-- Opening Marker --
locale DP_solution =
  fixes I :: "real set" and a b :: real
    and k :: "real \<Rightarrow> real \<Rightarrow> real" and k1 :: real
    and H :: "real^'d \<Rightarrow> real^'d \<Rightarrow> real \<Rightarrow> real" and M C1 C2 m :: real
    and \<alpha> :: real and v :: "real^'d \<Rightarrow> real \<Rightarrow> real" and L :: real
  assumes I_eq: "I = {a..b}" and I_length: "b - a = 1"
    and k_measurable: "\<And>\<xi>. k \<xi> \<in> borel_measurable borel"
    and k_nonneg: "\<And>\<xi> \<eta>. \<xi> \<in> I \<Longrightarrow> \<eta> \<in> I \<Longrightarrow> 0 \<le> k \<xi> \<eta>"
    and k_le: "\<And>\<xi> \<eta>. \<xi> \<in> I \<Longrightarrow> \<eta> \<in> I \<Longrightarrow> k \<xi> \<eta> \<le> k1"
    and H_zero_bound: "\<And>x \<xi>. \<xi> \<in> I \<Longrightarrow> \<bar>H x 0 \<xi>\<bar> \<le> M"
    and H_coercive: "\<And>x p \<xi>. \<xi> \<in> I \<Longrightarrow> C1 * norm p powr m - C2 \<le> H x p \<xi>"
    and C1_pos: "0 < C1" and C2_pos: "0 < C2" and m_gt_1: "1 < m"
    and \<alpha>_pos: "0 < \<alpha>"
    and solution: "visc_sol_DP \<alpha> H I k v"
    and v_bound: "\<And>x \<xi>. \<xi> \<in> I \<Longrightarrow> \<bar>v x \<xi>\<bar> \<le> M / \<alpha>"
    and v_lipschitz: "\<And>\<xi>. \<xi> \<in> I \<Longrightarrow> L-lipschitz_on UNIV (\<lambda>x. v x \<xi>)"
begin

lemma a_in_I: "a \<in> I"
  using I_eq I_length by simp

lemma measure_I: "measure lborel I = 1"
  using I_eq I_length by simp

lemma M_nonneg: "0 \<le> M"
  using H_zero_bound[OF a_in_I, of 0] by linarith

lemma k1_nonneg: "0 \<le> k1"
  using k_nonneg k_le a_in_I by (meson order_trans)

lemma \<alpha>_v_bound: "\<xi> \<in> I \<Longrightarrow> \<bar>\<alpha> * v x \<xi>\<bar> \<le> M"
  using v_bound[of \<xi> x] \<alpha>_pos by (simp add: abs_mult field_simps)

lemma v_periodic: "periodic_x (\<lambda>x. v x \<xi>)"
  and v_continuous: "\<xi> \<in> I \<Longrightarrow> continuous_on UNIV (\<lambda>x. v x \<xi>)"
  and v_measurable: "set_borel_measurable lborel I (v x)"
  using solution unfolding visc_sol_DP_def by blast+

text \<open>Test functions are only ever used at global extrema, which are in particular local ones.\<close>

lemma subsolution_at_max:
  assumes "\<xi> \<in> I" "C1_grad \<phi> D\<phi>" "\<And>y. v y \<xi> - \<phi> y \<le> v x0 \<xi> - \<phi> x0"
  shows "\<alpha> * v x0 \<xi> + H x0 (D\<phi> x0) \<xi> + coupling I k v x0 \<xi> \<le> 0"
  using solution assms unfolding visc_sol_DP_def by (meson zero_less_one)

lemma supersolution_at_min:
  assumes "\<xi> \<in> I" "C1_grad \<phi> D\<phi>" "\<And>y. v x0 \<xi> - \<phi> x0 \<le> v y \<xi> - \<phi> y"
  shows "0 \<le> \<alpha> * v x0 \<xi> + H x0 (D\<phi> x0) \<xi> + coupling I k v x0 \<xi>"
  using solution assms unfolding visc_sol_DP_def by (meson zero_less_one)

lemma C1_grad_zero: "C1_grad (\<lambda>_. 0) (\<lambda>_. 0 :: real^'d)"
proof -
  have zero: "(\<lambda>h. (0::real^'d) \<bullet> h) = (\<lambda>_. 0)" by (simp add: fun_eq_iff)
  show ?thesis unfolding C1_grad_def zero by simp
qed

definition mixed_coupling :: "real \<Rightarrow> real^'d \<Rightarrow> real^'d \<Rightarrow> real" where
  "mixed_coupling \<xi> x y = (LINT \<eta>:I|lborel. k \<xi> \<eta> * (v x \<xi> - v y \<eta>))"

lemma coupling_eq_mixed_coupling: "coupling I k v x \<xi> = mixed_coupling \<xi> x x"
  unfolding coupling_def mixed_coupling_def ..

definition osc :: real where
  "osc = Sup {v x \<eta> - v y \<eta> | x y \<eta>. \<eta> \<in> I}"

lemma le_osc: "\<eta> \<in> I \<Longrightarrow> v x \<eta> - v y \<eta> \<le> osc"
  unfolding osc_def
proof (rule cSup_upper)
  show "bdd_above {v x \<eta> - v y \<eta> | x y \<eta>. \<eta> \<in> I}"
  proof (rule bdd_aboveI[of _ "2 * M / \<alpha>"], clarify)
    fix x y \<eta> assume "\<eta> \<in> I"
    then show "v x \<eta> - v y \<eta> \<le> 2 * M / \<alpha>" using v_bound[of \<eta> x] v_bound[of \<eta> y] by (auto simp: abs_le_iff)
  qed
qed auto

lemma osc_nonneg: "0 \<le> osc"
  using le_osc[OF a_in_I, of 0 0] by simp

lemma mixed_coupling_integrable:
  assumes "\<xi> \<in> I"
  shows "set_integrable lborel I (\<lambda>\<eta>. k \<xi> \<eta> * (v x \<xi> - v y \<eta>))"
proof (rule set_integrable_bounded[where B="k1 * (\<bar>v x \<xi>\<bar> + M / \<alpha>)"])
  show "I \<in> sets lborel" "emeasure lborel I < \<infinity>" using I_eq I_length by auto
  show "set_borel_measurable lborel I (\<lambda>\<eta>. k \<xi> \<eta> * (v x \<xi> - v y \<eta>))"
    using k_measurable v_measurable I_eq by (intro set_borel_measurable_mult_diff) auto
  fix \<eta> assume "\<eta> \<in> I"
  have "\<bar>v x \<xi> - v y \<eta>\<bar> \<le> \<bar>v x \<xi>\<bar> + M / \<alpha>"
    using v_bound[OF \<open>\<eta> \<in> I\<close>, of y] by linarith
  then show "\<bar>k \<xi> \<eta> * (v x \<xi> - v y \<eta>)\<bar> \<le> k1 * (\<bar>v x \<xi>\<bar> + M / \<alpha>)"
    using k_nonneg[OF assms \<open>\<eta> \<in> I\<close>] k_le[OF assms \<open>\<eta> \<in> I\<close>]
    by (simp add: abs_mult mult_mono)
qed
-- Closing Marker --
Exercise goal:
Please return all of the entries above, exactly and completely.

Task answer:
locale DP_solution =
  fixes I :: "real set" and a b :: real
    and k :: "real \<Rightarrow> real \<Rightarrow> real" and k1 :: real
    and H :: "real^'d \<Rightarrow> real^'d \<Rightarrow> real \<Rightarrow> real" and M C1 C2 m :: real
    and \<alpha> :: real and v :: "real^'d \<Rightarrow> real \<Rightarrow> real" and L :: real
  assumes I_eq: "I = {a..b}" and I_length: "b - a = 1"
    and k_measurable: "\<And>\<xi>. k \<xi> \<in> borel_measurable borel"
    and k_nonneg: "\<And>\<xi> \<eta>. \<xi> \<in> I \<Longrightarrow> \<eta> \<in> I \<Longrightarrow> 0 \<le> k \<xi> \<eta>"
    and k_le: "\<And>\<xi> \<eta>. \<xi> \<in> I \<Longrightarrow> \<eta> \<in> I \<Longrightarrow> k \<xi> \<eta> \<le> k1"
    and H_zero_bound: "\<And>x \<xi>. \<xi> \<in> I \<Longrightarrow> \<bar>H x 0 \<xi>\<bar> \<le> M"
    and H_coercive: "\<And>x p \<xi>. \<xi> \<in> I \<Longrightarrow> C1 * norm p powr m - C2 \<le> H x p \<xi>"
    and C1_pos: "0 < C1" and C2_pos: "0 < C2" and m_gt_1: "1 < m"
    and \<alpha>_pos: "0 < \<alpha>"
    and solution: "visc_sol_DP \<alpha> H I k v"
    and v_bound: "\<And>x \<xi>. \<xi> \<in> I \<Longrightarrow> \<bar>v x \<xi>\<bar> \<le> M / \<alpha>"
    and v_lipschitz: "\<And>\<xi>. \<xi> \<in> I \<Longrightarrow> L-lipschitz_on UNIV (\<lambda>x. v x \<xi>)"
begin

lemma a_in_I: "a \<in> I"
  using I_eq I_length by simp

lemma measure_I: "measure lborel I = 1"
  using I_eq I_length by simp

lemma M_nonneg: "0 \<le> M"
  using H_zero_bound[OF a_in_I, of 0] by linarith

lemma k1_nonneg: "0 \<le> k1"
  using k_nonneg k_le a_in_I by (meson order_trans)

lemma \<alpha>_v_bound: "\<xi> \<in> I \<Longrightarrow> \<bar>\<alpha> * v x \<xi>\<bar> \<le> M"
  using v_bound[of \<xi> x] \<alpha>_pos by (simp add: abs_mult field_simps)

lemma v_periodic: "periodic_x (\<lambda>x. v x \<xi>)"
  and v_continuous: "\<xi> \<in> I \<Longrightarrow> continuous_on UNIV (\<lambda>x. v x \<xi>)"
  and v_measurable: "set_borel_measurable lborel I (v x)"
  using solution unfolding visc_sol_DP_def by blast+

text \<open>Test functions are only ever used at global extrema, which are in particular local ones.\<close>

lemma subsolution_at_max:
  assumes "\<xi> \<in> I" "C1_grad \<phi> D\<phi>" "\<And>y. v y \<xi> - \<phi> y \<le> v x0 \<xi> - \<phi> x0"
  shows "\<alpha> * v x0 \<xi> + H x0 (D\<phi> x0) \<xi> + coupling I k v x0 \<xi> \<le> 0"
  using solution assms unfolding visc_sol_DP_def by (meson zero_less_one)

lemma supersolution_at_min:
  assumes "\<xi> \<in> I" "C1_grad \<phi> D\<phi>" "\<And>y. v x0 \<xi> - \<phi> x0 \<le> v y \<xi> - \<phi> y"
  shows "0 \<le> \<alpha> * v x0 \<xi> + H x0 (D\<phi> x0) \<xi> + coupling I k v x0 \<xi>"
  using solution assms unfolding visc_sol_DP_def by (meson zero_less_one)

lemma C1_grad_zero: "C1_grad (\<lambda>_. 0) (\<lambda>_. 0 :: real^'d)"
proof -
  have zero: "(\<lambda>h. (0::real^'d) \<bullet> h) = (\<lambda>_. 0)" by (simp add: fun_eq_iff)
  show ?thesis unfolding C1_grad_def zero by simp
qed

definition mixed_coupling :: "real \<Rightarrow> real^'d \<Rightarrow> real^'d \<Rightarrow> real" where
  "mixed_coupling \<xi> x y = (LINT \<eta>:I|lborel. k \<xi> \<eta> * (v x \<xi> - v y \<eta>))"

lemma coupling_eq_mixed_coupling: "coupling I k v x \<xi> = mixed_coupling \<xi> x x"
  unfolding coupling_def mixed_coupling_def ..

definition osc :: real where
  "osc = Sup {v x \<eta> - v y \<eta> | x y \<eta>. \<eta> \<in> I}"

lemma le_osc: "\<eta> \<in> I \<Longrightarrow> v x \<eta> - v y \<eta> \<le> osc"
  unfolding osc_def
proof (rule cSup_upper)
  show "bdd_above {v x \<eta> - v y \<eta> | x y \<eta>. \<eta> \<in> I}"
  proof (rule bdd_aboveI[of _ "2 * M / \<alpha>"], clarify)
    fix x y \<eta> assume "\<eta> \<in> I"
    then show "v x \<eta> - v y \<eta> \<le> 2 * M / \<alpha>" using v_bound[of \<eta> x] v_bound[of \<eta> y] by (auto simp: abs_le_iff)
  qed
qed auto

lemma osc_nonneg: "0 \<le> osc"
  using le_osc[OF a_in_I, of 0 0] by simp

lemma mixed_coupling_integrable:
  assumes "\<xi> \<in> I"
  shows "set_integrable lborel I (\<lambda>\<eta>. k \<xi> \<eta> * (v x \<xi> - v y \<eta>))"
proof (rule set_integrable_bounded[where B="k1 * (\<bar>v x \<xi>\<bar> + M / \<alpha>)"])
  show "I \<in> sets lborel" "emeasure lborel I < \<infinity>" using I_eq I_length by auto
  show "set_borel_measurable lborel I (\<lambda>\<eta>. k \<xi> \<eta> * (v x \<xi> - v y \<eta>))"
    using k_measurable v_measurable I_eq by (intro set_borel_measurable_mult_diff) auto
  fix \<eta> assume "\<eta> \<in> I"
  have "\<bar>v x \<xi> - v y \<eta>\<bar> \<le> \<bar>v x \<xi>\<bar> + M / \<alpha>"
    using v_bound[OF \<open>\<eta> \<in> I\<close>, of y] by linarith
  then show "\<bar>k \<xi> \<eta> * (v x \<xi> - v y \<eta>)\<bar> \<le> k1 * (\<bar>v x \<xi>\<bar> + M / \<alpha>)"
    using k_nonneg[OF assms \<open>\<eta> \<in> I\<close>] k_le[OF assms \<open>\<eta> \<in> I\<close>]
    by (simp add: abs_mult mult_mono)
qed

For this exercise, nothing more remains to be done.